On January 16, 2015, Keith E. Plowman announced his retirement as Executive Vice President and Chief Financial Officer of The Bon-Ton Stores, Inc. (the “Company”), effective August 1, 2015. Following his retirement, Mr. Plowman will serve as a consultant to the Company to January 29, 2017. Mr. Plowman has served as Executive Vice President and Chief Financial Officer since April 2006 and as Chief Financial Officer since May 2005. He joined the Company in 1997.
In connection with his retirement, Mr. Plowman entered into a Separation Agreement and General Release with the Company dated as of January 16, 2015 (the "Separation Agreement"). Under the Separation Agreement, Mr. Plowman will receive the following benefits in connection with consulting services that he will provide to the Company beginning on August 2, 2015: (1) an annual consulting fee equal to his annual base salary in effect on January 15, 2015 (Mr. Plowman’s current base salary is $550,000) payable in bi-weekly installments, (2) an amount equal to the monthly premiums for insurance coverage for group medical and dental plans, (3) a bonus, if earned, for the 2015 plan year, pro-rated for the period of time prior to Mr. Plowman’s retirement date, which bonus shall paid in the spring of 2016, and (4) with respect to restricted stock currently held by Mr. Plowman, 15,000 shares of restricted stock granted on April 17, 2013 shall vest and all restrictions shall lapse on April 17, 2016 and 35,000 shares of restricted stock granted on April 15, 2014 shall vest and all restrictions shall lapse on January 29, 2017. The Separation Agreement also provides that the above payments and vesting of restricted stock will be accelerated in the event of a change of control of the Company.

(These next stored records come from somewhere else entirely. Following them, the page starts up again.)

lemma graph_perm_inv:
  assumes G: "simple_graph n E" and p: "graph_perm n E p"
  shows "graph_perm n E (inv_into UNIV p)" and "{x. inv_into UNIV p x \<noteq> x} = {x. p x \<noteq> x}"
proof -
  have perm: "p permutes {0..<n}" using p by (simp add: graph_perm_def)
  have fixed_iff: "inv_into UNIV p x = x \<longleftrightarrow> p x = x" for x using permutes_inv_eq[OF perm] by blast
  then show "{x. inv_into UNIV p x \<noteq> x} = {x. p x \<noteq> x}" by blast
  have "E x (inv_into UNIV p x)" if "inv_into UNIV p x \<noteq> x" for x
  proof -
    have "p (inv_into UNIV p x) = x" using permutes_inverses(1)[OF perm] .
    moreover have "p (inv_into UNIV p x) \<noteq> inv_into UNIV p x" using that calculation by simp
    ultimately show ?thesis using p G by (metis graph_perm_def simple_graph_def)
  qed
  then show "graph_perm n E (inv_into UNIV p)" using permutes_inv[OF perm] by (simp add: graph_perm_def)
qed

locale unicyclic_graph =
  fixes n :: nat and E :: "nat \<Rightarrow> nat \<Rightarrow> bool"
  assumes simple: "simple_graph n E" and connected: "connected_graph n E"
    and card_edges: "card (edges E) = n"
begin

lemma card_edges_delete_edge: "E a b \<Longrightarrow> card (edges (delete_edge E a b)) < n"
proof -
  assume "E a b"
  then have "card (edges (delete_edge E a b)) = n - 1"
    using card_edges finite_edges[OF simple] edgesI
    by (simp add: edges_delete_edge card_Diff_singleton)
  moreover have "0 < n" using connected by (simp add: connected_graph_def)
  ultimately show ?thesis by simp
qed

lemma graph_perm_orbit_crosses_cycle_edge:
  assumes ab: "E a b" "(a, b) \<in> {(u, v). delete_edge E a b u v}\<^sup>*"
    and p: "graph_perm n E p" and x: "p (p x) \<noteq> x"
  obtains j where "{(p ^^ j) x, (p ^^ Suc j) x} = {a, b}"
proof -
  let ?G = "delete_edge E a b"
  have "\<exists>j. {(p ^^ j) x, (p ^^ Suc j) x} = {a, b}"
  proof (rule ccontr)
    assume avoid: "\<nexists>j. {(p ^^ j) x, (p ^^ Suc j) x} = {a, b}"
    have G: "simple_graph n ?G" "connected_graph n ?G"
      using simple_graph_delete_edge connected_graph_delete_edge simple connected ab(2) by blast+
    have perm: "p permutes {0..<n}" and step: "\<forall>i. p i \<noteq> i \<longrightarrow> E i (p i)"
      using p by (auto simp: graph_perm_def)
    have "p x \<noteq> x" using x by auto
    then have "p ((p ^^ j) x) \<noteq> (p ^^ j) x" for j
      using funpow_orbit_moved[OF permutes_inj[OF perm], of 1 x j] by simp
    then have orbit: "?G ((p ^^ j) x) ((p ^^ Suc j) x)" for j
      using step avoid by (auto simp: delete_edge_def)
    have "(p x, x) \<in> {(u, v). delete_edge ?G (p x) x u v}\<^sup>*"
      using perm x orbit by (intro orbit_rtrancl_delete_edge) (auto intro: permutes_imp_permutation)
    moreover have "?G (p x) x"
      using orbit[of 0] simple by (auto simp: delete_edge_def simple_graph_def insert_commute)
    ultimately show False
      using delete_edge_disconnects[OF G card_edges_delete_edge[OF ab(1)]] by blast
  qed
  then show thesis using that by blast
qed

The above benefits are subject to Mr. Plowman's execution and non-revocation of a General Release.
The Separation Agreement provides that Mr. Plowman’s consulting services shall not exceed 20% of the average level of services he performed over the past 36 months. It further provides that during the remainder of Mr. Plowman’s employment and for a period of 18 months following Mr. Plowman’s retirement date, Mr. Plowman will not be employed by or have a consulting relationship with six specified competitors of the Company.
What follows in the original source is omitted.